[Data extracts — start]
(* Let $\mathbb F\subseteq\mathbb R$ be a subfield and $X\subseteq\mathbb F^n$ nonempty such that $\operatorname{conv}_{\mathbb R}(X)$ is a polyhedron. Then a nonempty subset $Y\subseteq X$ is a weak $\mathbb F$-face of $X$ if and only if $Y=\mathcal F\cap X$ for some face $\mathcal F$ of $\operatorname{conv}_{\mathbb R}(X)$. Moreover, in this case $\operatorname{conv}_{\mathbb R}(Y)=\mathcal F$.
   Context: For a subfield $\mathbb K\subseteq\mathbb R$ and $X\subseteq\mathbb R^n$: $\operatorname{conv}_{\mathbb K}(X)$ is the set of finite combinations $\sum r_sx_s$ with $x_s\in X$, $r_s\in\mathbb K\cap[0,\infty)$, $\sum r_s=1$; for $Y=\operatorname{conv}_{\mathbb K}(X)$, $\operatorname{relint}_{\mathbb K}(Y)=\{x\in Y:\forall y\in Y\ \exists z\in Y,\ t\in\mathbb K\cap(0,1),\ x=ty+(1-t)z\}$. $Y\subseteq X$ is a weak $\mathbb F$-face of $X$ if for every $U\subseteq X$, $\operatorname{conv}_{\mathbb F}(Y)\cap\operatorname{relint}_{\mathbb F}(\operatorname{conv}_{\mathbb F}(U))\ne\emptyset$ implies $U\subseteq Y$. A polyhedron is a finite intersection of closed affine half-spaces. A face of $\mathcal P\subseteq\mathbb R^n$ is $\mathcal P$ or $\mathcal P\cap H(v,w)$ where $H(v,w)=\{u:v\cdot(u-w)=0\}$, $\mathcal P\subseteq\{u:v\cdot(u-w)\ge0\}$, $\mathcal P\cap H(v,w)\ne\emptyset$. *)

theory Defs
  imports "HOL-Analysis.Analysis"
begin

definition real_subfield :: "real set \<Rightarrow> bool" where
  "real_subfield K \<longleftrightarrow> 0 \<in> K \<and> 1 \<in> K \<and>
     (\<forall>a\<in>K. \<forall>b\<in>K. a + b \<in> K \<and> a * b \<in> K) \<and>
     (\<forall>a\<in>K. - a \<in> K) \<and> (\<forall>a\<in>K. a \<noteq> 0 \<longrightarrow> inverse a \<in> K)"

definition conv_K :: "real set \<Rightarrow> 'a::real_vector set \<Rightarrow> 'a set" where
  "conv_K K X = {y. \<exists>S r. finite S \<and> S \<subseteq> X \<and> (\<forall>s\<in>S. r s \<in> K \<and> 0 \<le> r s) \<and>
      sum r S = 1 \<and> (\<Sum>s\<in>S. r s *\<^sub>R s) = y}"

definition relint_K :: "real set \<Rightarrow> 'a::real_vector set \<Rightarrow> 'a set" where
  "relint_K K Y = {x \<in> Y. \<forall>y\<in>Y. \<exists>z\<in>Y. \<exists>t\<in>K. 0 < t \<and> t < 1 \<and>
      x = t *\<^sub>R y + (1 - t) *\<^sub>R z}"

definition weak_face :: "real set \<Rightarrow> 'a::real_vector set \<Rightarrow> 'a set \<Rightarrow> bool" where
  "weak_face K X Y \<longleftrightarrow> Y \<subseteq> X \<and>
     (\<forall>U. U \<subseteq> X \<longrightarrow> conv_K K Y \<inter> relint_K K (conv_K K U) \<noteq> {} \<longrightarrow> U \<subseteq> Y)"

definition poly_face :: "'a::real_inner set \<Rightarrow> 'a set \<Rightarrow> bool" where
  "poly_face P Fc \<longleftrightarrow> Fc = P \<or>
     (\<exists>v w. P \<subseteq> {u. v \<bullet> (u - w) \<ge> 0} \<and> Fc = P \<inter> {u. v \<bullet> (u - w) = 0} \<and> Fc \<noteq> {})"

end

theory Submission
  imports Defs
begin

(*
  The proof works with the library notion "T face_of C".  For a polyhedron, the faces in
  the sense of the paper (C itself or an exposed face) are exactly the nonempty faces
  (every face of a polyhedron is exposed), and every face T of conv X is the convex hull
  of T \<inter> X.  A face trace is a weak F-face because a face absorbs both endpoints of
  every open segment through one of its points.  Conversely, for a weak F-face Y we pick an
  F-rational point p in the relative interior of conv Y (the barycentre of an affine basis
  of Y) and let T be the face of C carrying p in its relative interior.  Then Y \<subseteq> T, and
  for x \<in> T \<inter> X the point p lies strictly between x and some q \<in> C.  Writing p as a
  positive combination of an affinely independent U \<subseteq> X containing x, its barycentric
  coordinates lie in F (they solve a linear system with coefficients in F uniquely, and
  Gaussian elimination stays inside F), so p lies in relint_F(conv_F U) and the weak face
  property forces x \<in> U \<subseteq> Y.
*)

lemma subfield_zero: "real_subfield F \<Longrightarrow> 0 \<in> F"
  and subfield_one: "real_subfield F \<Longrightarrow> 1 \<in> F"
  and subfield_add: "real_subfield F \<Longrightarrow> a \<in> F \<Longrightarrow> b \<in> F \<Longrightarrow> a + b \<in> F"
  and subfield_mult: "real_subfield F \<Longrightarrow> a \<in> F \<Longrightarrow> b \<in> F \<Longrightarrow> a * b \<in> F"
  and subfield_uminus: "real_subfield F \<Longrightarrow> a \<in> F \<Longrightarrow> - a \<in> F"
  by (simp_all add: real_subfield_def)

lemma subfield_diff: "real_subfield F \<Longrightarrow> a \<in> F \<Longrightarrow> b \<in> F \<Longrightarrow> a - b \<in> F"
  using subfield_add[of F a "- b"] subfield_uminus by auto

lemma subfield_divide: "real_subfield F \<Longrightarrow> a \<in> F \<Longrightarrow> b \<in> F \<Longrightarrow> a / b \<in> F"
  by (cases "b = 0") (auto simp: real_subfield_def divide_inverse)

lemma subfield_of_nat: "real_subfield F \<Longrightarrow> real n \<in> F"
  by (induction n) (auto simp: real_subfield_def)

lemma subfield_sum:
  assumes "real_subfield F" "\<And>x. x \<in> S \<Longrightarrow> f x \<in> F"
  shows "sum f S \<in> F"
  using assms(2)
  by (induction S rule: infinite_finite_induct) (auto simp: subfield_zero subfield_add assms(1))

definition solves :: "'v set \<Rightarrow> 'r set \<Rightarrow> ('r \<Rightarrow> 'v \<Rightarrow> real) \<Rightarrow> ('r \<Rightarrow> real) \<Rightarrow> ('v \<Rightarrow> real) \<Rightarrow> bool" where
  "solves V R A B m \<longleftrightarrow> (\<forall>r\<in>R. (\<Sum>k\<in>V. A r k * m k) = B r)"

text \<open>One step of Gaussian elimination: use the pivot row r0 to remove the unknown j from
  every row.\<close>

definition eliminate :: "'v \<Rightarrow> 'r \<Rightarrow> ('r \<Rightarrow> 'v \<Rightarrow> real) \<Rightarrow> 'r \<Rightarrow> 'v \<Rightarrow> real" where
  "eliminate j r0 A = (\<lambda>r k. A r k - A r j / A r0 j * A r0 k)"

definition eliminate_rhs :: "'v \<Rightarrow> 'r \<Rightarrow> ('r \<Rightarrow> 'v \<Rightarrow> real) \<Rightarrow> ('r \<Rightarrow> real) \<Rightarrow> 'r \<Rightarrow> real" where
  "eliminate_rhs j r0 A B = (\<lambda>r. B r - A r j / A r0 j * B r0)"

definition pivot_value ::
    "'v set \<Rightarrow> 'v \<Rightarrow> 'r \<Rightarrow> ('r \<Rightarrow> 'v \<Rightarrow> real) \<Rightarrow> ('r \<Rightarrow> real) \<Rightarrow> ('v \<Rightarrow> real) \<Rightarrow> real" where
  "pivot_value V j r0 A B m = (B r0 - (\<Sum>k\<in>V. A r0 k * m k)) / A r0 j"

lemma eliminate_residual:
  assumes "finite V" "j \<notin> V" "A r0 j \<noteq> 0"
  shows "(\<Sum>k\<in>V. eliminate j r0 A r k * m k) - eliminate_rhs j r0 A B r =
         ((\<Sum>k\<in>insert j V. A r k * m k) - B r)
         - A r j / A r0 j * ((\<Sum>k\<in>insert j V. A r0 k * m k) - B r0)"
proof -
  have "(\<Sum>k\<in>V. eliminate j r0 A r k * m k)
        = (\<Sum>k\<in>V. A r k * m k) - A r j / A r0 j * (\<Sum>k\<in>V. A r0 k * m k)"
    by (simp add: eliminate_def left_diff_distrib sum_subtractf sum_distrib_left mult.assoc)
  moreover have "A r j / A r0 j * (A r0 j * m j) = A r j * m j"
    using assms(3) by simp
  ultimately show ?thesis
    using assms(1,2) by (simp add: eliminate_rhs_def algebra_simps)
qed

lemma eliminate_solves:
  assumes "finite V" "j \<notin> V" "r0 \<in> R" "A r0 j \<noteq> 0" and sol: "solves (insert j V) R A B l"
  shows "solves V R (eliminate j r0 A) (eliminate_rhs j r0 A B) l"
  unfolding solves_def
proof
  fix r assume "r \<in> R"
  then have "(\<Sum>k\<in>V. eliminate j r0 A r k * l k) - eliminate_rhs j r0 A B r = 0"
    using sol \<open>r0 \<in> R\<close> eliminate_residual[of V j A r0 r l B] assms(1,2,4) by (simp add: solves_def)
  then show "(\<Sum>k\<in>V. eliminate j r0 A r k * l k) = eliminate_rhs j r0 A B r" by simp
qed

lemma back_substitute_solves:
  assumes "finite V" "j \<notin> V" "A r0 j \<noteq> 0"
    and sol: "solves V R (eliminate j r0 A) (eliminate_rhs j r0 A B) m"
  shows "solves (insert j V) R A B (m(j := pivot_value V j r0 A B m))"
  unfolding solves_def
proof
  define m' where "m' = m(j := pivot_value V j r0 A B m)"
  have agree: "(\<Sum>k\<in>V. f k * m' k) = (\<Sum>k\<in>V. f k * m k)" for f
    using assms(2) by (intro sum.cong) (auto simp: m'_def)
  have pivot_row: "(\<Sum>k\<in>insert j V. A r0 k * m' k) = B r0"
    using assms(1-3) agree[of "A r0"] by (simp add: m'_def pivot_value_def)
  fix r assume "r \<in> R"
  then have "(\<Sum>k\<in>V. eliminate j r0 A r k * m' k) - eliminate_rhs j r0 A B r = 0"
    using sol agree[of "eliminate j r0 A r"] by (simp add: solves_def)
  then show "(\<Sum>k\<in>insert j V. A r k * m' k) = B r"
    using eliminate_residual[of V j A r0 r m' B] assms(1-3) pivot_row by simp
qed

text \<open>Proof by Gaussian elimination, one unknown at a time; if no row
  involves the unknown j, the solution would not be unique.\<close>

lemma unique_solution_in_subfield:
  assumes F: "real_subfield F" and "finite V"
    and coeffs: "\<And>r k. r \<in> R \<Longrightarrow> k \<in> V \<Longrightarrow> A r k \<in> F" and rhs: "\<And>r. r \<in> R \<Longrightarrow> B r \<in> F"
    and sol: "solves V R A B l"
    and uniq: "\<And>m. solves V R A B m \<Longrightarrow> \<forall>k\<in>V. m k = l k"
  shows "\<forall>k\<in>V. l k \<in> F"
  using \<open>finite V\<close> coeffs rhs sol uniq
proof (induction V arbitrary: A B rule: finite_induct)
  case empty
  then show ?case by simp
next
  case (insert j V)
  show ?case
  proof (cases "\<exists>r0\<in>R. A r0 j \<noteq> 0")
    case True
    then obtain r0 where r0: "r0 \<in> R" "A r0 j \<noteq> 0" by blast
    have uniq_V: "\<forall>k\<in>V. m k = l k"
      if "solves V R (eliminate j r0 A) (eliminate_rhs j r0 A B) m" for m
      using insert.prems(4)[OF back_substitute_solves[OF insert(1,2) r0(2) that]] insert(2)
      by (metis fun_upd_other insertCI)
    have l_V: "\<forall>k\<in>V. l k \<in> F"
    proof (rule insert.IH)
      show "eliminate j r0 A r k \<in> F" if "r \<in> R" "k \<in> V" for r k
        using that r0 insert.prems(1) F
        by (auto simp: eliminate_def intro!: subfield_diff subfield_mult subfield_divide)
      show "eliminate_rhs j r0 A B r \<in> F" if "r \<in> R" for r
        using that r0 insert.prems(1,2) F
        by (auto simp: eliminate_rhs_def intro!: subfield_diff subfield_mult subfield_divide)
      show "solves V R (eliminate j r0 A) (eliminate_rhs j r0 A B) l"
        using eliminate_solves[OF insert(1,2) r0 insert.prems(3)] .
    qed (rule uniq_V)
    have "l j = pivot_value V j r0 A B l"
      using insert.prems(4)[OF back_substitute_solves[OF insert(1,2) r0(2)
            eliminate_solves[OF insert(1,2) r0 insert.prems(3)]]]
      by simp
    moreover have "(\<Sum>k\<in>V. A r0 k * l k) \<in> F"
      using F r0(1) insert.prems(1) l_V by (intro subfield_sum subfield_mult) auto
    ultimately have "l j \<in> F"
      using r0(1) insert.prems(1,2) by (simp add: F pivot_value_def subfield_divide subfield_diff)
    with l_V show ?thesis by simp
  next
    case False
    have "solves (insert j V) R A B (l(j := l j + 1))"
      unfolding solves_def
    proof
      fix r assume "r \<in> R"
      then have "A r j = 0" using False by blast
      then have "(\<Sum>k\<in>insert j V. A r k * (l(j := l j + 1)) k) = (\<Sum>k\<in>insert j V. A r k * l k)"
        by (intro sum.cong) auto
      then show "(\<Sum>k\<in>insert j V. A r k * (l(j := l j + 1)) k) = B r"
        using insert.prems(3) \<open>r \<in> R\<close> by (simp add: solves_def)
    qed
    then have "\<forall>k\<in>insert j V. (l(j := l j + 1)) k = l k"
      by (rule insert.prems(4))
    then show ?thesis by simp
  qed
qed

lemma barycentric_coords_in_subfield:
  fixes U :: "(real ^ 'n) set"
  assumes F: "real_subfield F" and UF: "\<forall>u\<in>U. \<forall>i. u $ i \<in> F" and pF: "\<forall>i. p $ i \<in> F"
    and indep: "\<not> affine_dependent U" and sum1: "sum l U = 1" and comb: "(\<Sum>u\<in>U. l u *\<^sub>R u) = p"
  shows "\<forall>u\<in>U. l u \<in> F"
proof -
  have fin: "finite U" using aff_independent_finite[OF indep] .
  define A :: "'n option \<Rightarrow> real ^ 'n \<Rightarrow> real"
    where "A = (\<lambda>r u. case r of None \<Rightarrow> 1 | Some i \<Rightarrow> u $ i)"
  define B :: "'n option \<Rightarrow> real"
    where "B = (\<lambda>r. case r of None \<Rightarrow> 1 | Some i \<Rightarrow> p $ i)"
  have solves_iff: "solves U UNIV A B m \<longleftrightarrow> sum m U = 1 \<and> (\<Sum>u\<in>U. m u *\<^sub>R u) = p" for m
  proof -
    have "solves U UNIV A B m \<longleftrightarrow> sum m U = 1 \<and> (\<forall>i. (\<Sum>u\<in>U. u $ i * m u) = p $ i)"
      unfolding solves_def A_def B_def by (auto split: option.split)
    also have "(\<forall>i. (\<Sum>u\<in>U. u $ i * m u) = p $ i) \<longleftrightarrow> (\<Sum>u\<in>U. m u *\<^sub>R u) = p"
      by (simp add: vec_eq_iff mult.commute)
    finally show ?thesis .
  qed
  show ?thesis
  proof (rule unique_solution_in_subfield[OF F fin, of UNIV A B l])
    show "A r u \<in> F" if "u \<in> U" for r u
      using that UF subfield_one[OF F] by (auto simp: A_def split: option.split)
    show "B r \<in> F" for r
      using pF subfield_one[OF F] by (auto simp: B_def split: option.split)
    show "solves U UNIV A B l"
      using sum1 comb solves_iff by blast
    show "\<forall>u\<in>U. m u = l u" if "solves U UNIV A B m" for m
    proof -
      have "sum m U = 1" "(\<Sum>u\<in>U. m u *\<^sub>R u) = p"
        using that solves_iff by blast+
      then have "sum (\<lambda>u. m u - l u) U = 0" "(\<Sum>u\<in>U. (m u - l u) *\<^sub>R u) = 0"
        using sum1 comb by (simp_all add: sum_subtractf scaleR_diff_left)
      then have "\<forall>u\<in>U. m u - l u = 0"
        using indep affine_dependent_explicit_finite[OF fin] by blast
      then show ?thesis by simp
    qed
  qed
qed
[Data extracts — finish]
Repeat exactly the lines of the listing above, from the one with "j * (\<Sum>k\<in>V." down to the one with "text \<open>Proof by"; both of those lines belong in the range.

Exercise answer:
        = (\<Sum>k\<in>V. A r k * m k) - A r j / A r0 j * (\<Sum>k\<in>V. A r0 k * m k)"
    by (simp add: eliminate_def left_diff_distrib sum_subtractf sum_distrib_left mult.assoc)
  moreover have "A r j / A r0 j * (A r0 j * m j) = A r j * m j"
    using assms(3) by simp
  ultimately show ?thesis
    using assms(1,2) by (simp add: eliminate_rhs_def algebra_simps)
qed

lemma eliminate_solves:
  assumes "finite V" "j \<notin> V" "r0 \<in> R" "A r0 j \<noteq> 0" and sol: "solves (insert j V) R A B l"
  shows "solves V R (eliminate j r0 A) (eliminate_rhs j r0 A B) l"
  unfolding solves_def
proof
  fix r assume "r \<in> R"
  then have "(\<Sum>k\<in>V. eliminate j r0 A r k * l k) - eliminate_rhs j r0 A B r = 0"
    using sol \<open>r0 \<in> R\<close> eliminate_residual[of V j A r0 r l B] assms(1,2,4) by (simp add: solves_def)
  then show "(\<Sum>k\<in>V. eliminate j r0 A r k * l k) = eliminate_rhs j r0 A B r" by simp
qed

lemma back_substitute_solves:
  assumes "finite V" "j \<notin> V" "A r0 j \<noteq> 0"
    and sol: "solves V R (eliminate j r0 A) (eliminate_rhs j r0 A B) m"
  shows "solves (insert j V) R A B (m(j := pivot_value V j r0 A B m))"
  unfolding solves_def
proof
  define m' where "m' = m(j := pivot_value V j r0 A B m)"
  have agree: "(\<Sum>k\<in>V. f k * m' k) = (\<Sum>k\<in>V. f k * m k)" for f
    using assms(2) by (intro sum.cong) (auto simp: m'_def)
  have pivot_row: "(\<Sum>k\<in>insert j V. A r0 k * m' k) = B r0"
    using assms(1-3) agree[of "A r0"] by (simp add: m'_def pivot_value_def)
  fix r assume "r \<in> R"
  then have "(\<Sum>k\<in>V. eliminate j r0 A r k * m' k) - eliminate_rhs j r0 A B r = 0"
    using sol agree[of "eliminate j r0 A r"] by (simp add: solves_def)
  then show "(\<Sum>k\<in>insert j V. A r k * m' k) = B r"
    using eliminate_residual[of V j A r0 r m' B] assms(1-3) pivot_row by simp
qed

text \<open>Proof by Gaussian elimination, one unknown at a time; if no row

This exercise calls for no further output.